WORK INSTRUCTION - Word for word, transcribe the data below from the line with "obtains (Inl) l" to the line with "n (fst x) $", keeping both of those lines.

Stored data entries:
<<<<
definition ext_sc_offset :: "'a + (('a, 'k::finite) path \<times> (nat ^ 'k) \<times> (nat ^ 'k)) set \<Rightarrow> nat ^ 'k" where
  "ext_sc_offset f = (case f of Inl l \<Rightarrow> 0
     | Inr C \<Rightarrow> (case rep C of (x, m, n) \<Rightarrow> n - vmin_e n (fst x)))"

definition ext_key :: "('v, 'a, 'k::finite) kg \<Rightarrow> 'a + (('a, 'k) path \<times> (nat ^ 'k) \<times> (nat ^ 'k)) set
    \<Rightarrow> 'a \<times> (nat ^ 'k) \<times> (nat ^ 'k)" where
  "ext_key G f = (ext_base f, ext_rg_offset f, deg (ext G) f)"

definition ext_obj_key :: "('v, 'a, 'k::finite) kg \<Rightarrow> 'v + (('a, 'k) path \<times> (nat ^ 'k)) set
    \<Rightarrow> 'v \<times> (nat ^ 'k)" where
  "ext_obj_key G v = (case v of Inl u \<Rightarrow> (u, 0) | Inr V \<Rightarrow> Vkey G (rep V))"

lemma ext_key_Inr: "ext_key G (Inr C) = Pkey (rep C)"
  by (cases "rep C") (simp add: ext_key_def ext_base_def ext_rg_offset_def ext_simps Pkey_def)

lemma ext_key_Pcls:
  "(x, m, n) \<in> Pset G \<Longrightarrow>
   Inr (Pcls G x m n) \<in> mor (ext G)
   \<and> ext_key G (Inr (Pcls G x m n)) = (snd x (vmin_e m (fst x)) (vmin_e n (fst x)), m - vmin_e m (fst x), n - m)"
  using Pcls_in_quotient[of x m n] by (simp add: ext_key_Inr Pkey_def)

lemma mor_extE:
  assumes "f \<in> mor (ext G)"
  obtains (Inl) l where "f = Inl l" "l \<in> mor G"
  | (Inr) C x m n where "f = Inr C" "C \<in> Pset G // Prel G" "rep C = (x, m, n)" "(x, m, n) \<in> Pset G"
proof (cases f)
  case (Inr C)
  moreover obtain x m n where "rep C = (x, m, n)"
    by (metis prod_cases3)
  ultimately show ?thesis
    using assms rep_in_Pset[of C G] that(2) by simp
qed (use assms that(1) in simp)

lemma ext_base_mor:
  assumes "f \<in> mor (ext G)"
  shows "ext_base f \<in> mor G"
  using assms
proof (cases rule: mor_extE)
  case (Inr C x m n)
  then show ?thesis
    using Pset_seg[OF Inr(4)] by (simp add: ext_base_def)
qed (simp add: ext_base_def)

lemma deg_ext_base_eq_0:
  assumes "f \<in> mor (ext G)" "ext_rg_offset f $ i \<noteq> 0"
  shows "deg G (ext_base f) $ i = 0"
  using assms(1)
proof (cases rule: mor_extE)
  case (Inr C x m n)
  then have "vmin_e n (fst x) $ i = vmin_e m (fst x) $ i"
    using assms(2) by (intro vmin_e_nth_truncated) (auto simp: ext_rg_offset_def Pset_iff)
  then show ?thesis
    using Inr Pset_seg[OF Inr(4)] by (simp add: ext_base_def)
qed (use assms(2) in \<open>simp add: ext_rg_offset_def\<close>)

lemma ext_offset_balance:
  assumes "f \<in> mor (ext G)"
  shows "ext_rg_offset f + deg (ext G) f = deg G (ext_base f) + ext_sc_offset f"
  using assms
proof (cases rule: mor_extE)
  case (Inr C x m n)
  let ?mm = "vmin_e m (fst x)" and ?nn = "vmin_e n (fst x)"
  have "m \<le> n" "?mm \<le> ?nn" "?mm \<le> m" "?nn \<le> n"
    using Inr(4) by (simp_all add: Pset_iff vmin_e_mono vmin_e_le)
  then have "(m - ?mm) + (n - m) = (?nn - ?mm) + (n - ?nn)"
    unfolding vec_eq_iff less_eq_vec_def by simp
  then show ?thesis
    using Inr Pset_seg[OF Inr(4)]
    by (simp add: ext_base_def ext_rg_offset_def ext_sc_offset_def ext_simps)
qed (simp_all add: ext_base_def ext_rg_offset_def ext_sc_offset_def ext_simps)

lemma ext_offset_balance_nth:
  "f \<in> mor (ext G) \<Longrightarrow>
   ext_rg_offset f $ i + deg (ext G) f $ i = deg G (ext_base f) $ i + ext_sc_offset f $ i"
  using ext_offset_balance by (metis vector_add_component)

lemma ext_sc_offset_Inr:
  assumes "C \<in> Pset G // Prel G"
  shows "ext_sc_offset (Inr C) \<noteq> 0"
proof
  obtain x m n where rep: "rep C = (x, m, n)"
    by (cases "rep C")
  assume "ext_sc_offset (Inr C) = 0"
  then have "n \<le> vmin_e n (fst x)"
    using rep unfolding ext_sc_offset_def vec_eq_iff less_eq_vec_def by simp
  then have "leE n (fst x)"
    using vmin_e_le vmin_e_eq_iff by (metis order.antisym)
  then show False
    using rep_in_Pset[OF assms] rep by (simp add: Pset_iff)
qed

lemma deg_ext_base_le:
  assumes "f \<in> mor (ext G)"
  shows "deg G (ext_base f) \<le> deg (ext G) f"
  unfolding less_eq_vec_def
proof
  fix i
  show "deg G (ext_base f) $ i \<le> deg (ext G) f $ i"
  proof (cases "ext_rg_offset f $ i = 0")
    case True
    then show ?thesis
      using ext_offset_balance_nth[OF assms, of i] by simp
  qed (simp add: deg_ext_base_eq_0[OF assms])
qed

lemma deg_ext_base_nth:
  assumes "f \<in> mor (ext G)" "ext_sc_offset f $ i = 0"
  shows "deg G (ext_base f) $ i = deg (ext G) f $ i"
proof -
  have "ext_rg_offset f $ i + deg (ext G) f $ i = deg G (ext_base f) $ i"
    using ext_offset_balance_nth[OF assms(1), of i] assms(2) by simp
  then show ?thesis
    using deg_ext_base_eq_0[OF assms(1), of i] by (cases "ext_rg_offset f $ i = 0") auto
qed

lemma ext_obj_key_rg:
  assumes "f \<in> mor (ext G)"
  shows "ext_obj_key G (rg (ext G) f) = (rg G (ext_base f), ext_rg_offset f)"
  using assms
proof (cases rule: mor_extE)
  case (Inr C x m n)
  show ?thesis
  proof (cases "leE m (fst x)")
    case True
    then show ?thesis
      using Inr Pset_seg[OF Inr(4)] vmin_e_eq_iff[of m "fst x"]
      by (simp add: ext_obj_key_def ext_base_def ext_rg_offset_def ext_simps)
  next
    case False
    then have "(x, m) \<in> Vset G"
      using Inr by (simp add: Vset_def Pset_iff)
    then show ?thesis
      using Inr Pset_seg[OF Inr(4)] False Vkey_rep_Vcls
      by (simp add: ext_obj_key_def ext_base_def ext_rg_offset_def ext_simps Vkey_def)
  qed
qed (simp add: ext_obj_key_def ext_base_def ext_rg_offset_def ext_simps)

lemma ext_obj_key_sc:
  assumes "f \<in> mor (ext G)"
  shows "ext_obj_key G (sc (ext G) f) = (sc G (ext_base f), ext_sc_offset f)"
  using assms
proof (cases rule: mor_extE)
  case (Inr C x m n)
  then have "(x, n) \<in> Vset G"
    by (simp add: Vset_def Pset_iff)
  then show ?thesis
    using Inr Pset_seg[OF Inr(4)] Vkey_rep_Vcls
    by (simp add: ext_obj_key_def ext_base_def ext_sc_offset_def ext_simps Vkey_def)
qed (simp add: ext_obj_key_def ext_base_def ext_sc_offset_def ext_simps)

lemma deg_ext_base_add_eq_vmax:
  assumes l: "l \<in> mor (ext G)" and a: "a \<in> mor (ext G)" and m: "m \<in> mor (ext G)"
    and b: "b \<in> mor (ext G)"
    and offsets: "ext_rg_offset a = ext_sc_offset l" "ext_rg_offset b = ext_sc_offset m"
    and "deg (ext G) l + deg (ext G) a = vmax (deg (ext G) l) (deg (ext G) m)"
    and "deg G (ext_base l) + deg G (ext_base a) = deg G (ext_base m) + deg G (ext_base b)"
  shows "deg G (ext_base l) + deg G (ext_base a) = vmax (deg G (ext_base l)) (deg G (ext_base m))"
  unfolding vec_eq_iff
proof
  fix i
  have "deg G (ext_base a) $ i = 0" if "deg G (ext_base l) $ i \<noteq> deg (ext G) l $ i"
  proof -
    have "ext_rg_offset a $ i \<noteq> 0"
      using that deg_ext_base_nth[OF l, of i] offsets(1) by auto
    then show ?thesis
      by (rule deg_ext_base_eq_0[OF a])
  qed
  moreover have "deg G (ext_base b) $ i = 0" if "deg G (ext_base m) $ i \<noteq> deg (ext G) m $ i"
  proof -
    have "ext_rg_offset b $ i \<noteq> 0"
      using that deg_ext_base_nth[OF m, of i] offsets(2) by auto
    then show ?thesis
      by (rule deg_ext_base_eq_0[OF b])
  qed
  moreover have "deg G (ext_base a) $ i \<le> deg (ext G) a $ i"
    using deg_ext_base_le[OF a] by (simp add: less_eq_vec_def)
  moreover have "deg (ext G) l $ i + deg (ext G) a $ i = max (deg (ext G) l $ i) (deg (ext G) m $ i)"
    using arg_cong[OF assms(7), of "\<lambda>v. v $ i"] by simp
  moreover have "deg G (ext_base l) $ i + deg G (ext_base a) $ i
      = deg G (ext_base m) $ i + deg G (ext_base b) $ i"
    using arg_cong[OF assms(8), of "\<lambda>v. v $ i"] by simp
  ultimately have "deg G (ext_base l) $ i + deg G (ext_base a) $ i
      = max (deg G (ext_base l) $ i) (deg G (ext_base m) $ i)"
    by (rule add_eq_max_nat)
  then show "(deg G (ext_base l) + deg G (ext_base a)) $ i
      = vmax (deg G (ext_base l)) (deg G (ext_base m)) $ i"
    by simp
qed

lemma ext_sc_offset_eq_0_iff:
  assumes "f \<in> mor (ext G)"
  shows "ext_sc_offset f = 0 \<longleftrightarrow> isl f"
  using assms by (cases rule: mor_extE) (auto simp: ext_sc_offset_def dest: ext_sc_offset_Inr)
>>>>
RESULT FOR THIS EXERCISE -
  obtains (Inl) l where "f = Inl l" "l \<in> mor G"
  | (Inr) C x m n where "f = Inr C" "C \<in> Pset G // Prel G" "rep C = (x, m, n)" "(x, m, n) \<in> Pset G"
proof (cases f)
  case (Inr C)
  moreover obtain x m n where "rep C = (x, m, n)"
    by (metis prod_cases3)
  ultimately show ?thesis
    using assms rep_in_Pset[of C G] that(2) by simp
qed (use assms that(1) in simp)

lemma ext_base_mor:
  assumes "f \<in> mor (ext G)"
  shows "ext_base f \<in> mor G"
  using assms
proof (cases rule: mor_extE)
  case (Inr C x m n)
  then show ?thesis
    using Pset_seg[OF Inr(4)] by (simp add: ext_base_def)
qed (simp add: ext_base_def)

lemma deg_ext_base_eq_0:
  assumes "f \<in> mor (ext G)" "ext_rg_offset f $ i \<noteq> 0"
  shows "deg G (ext_base f) $ i = 0"
  using assms(1)
proof (cases rule: mor_extE)
  case (Inr C x m n)
  then have "vmin_e n (fst x) $ i = vmin_e m (fst x) $ i"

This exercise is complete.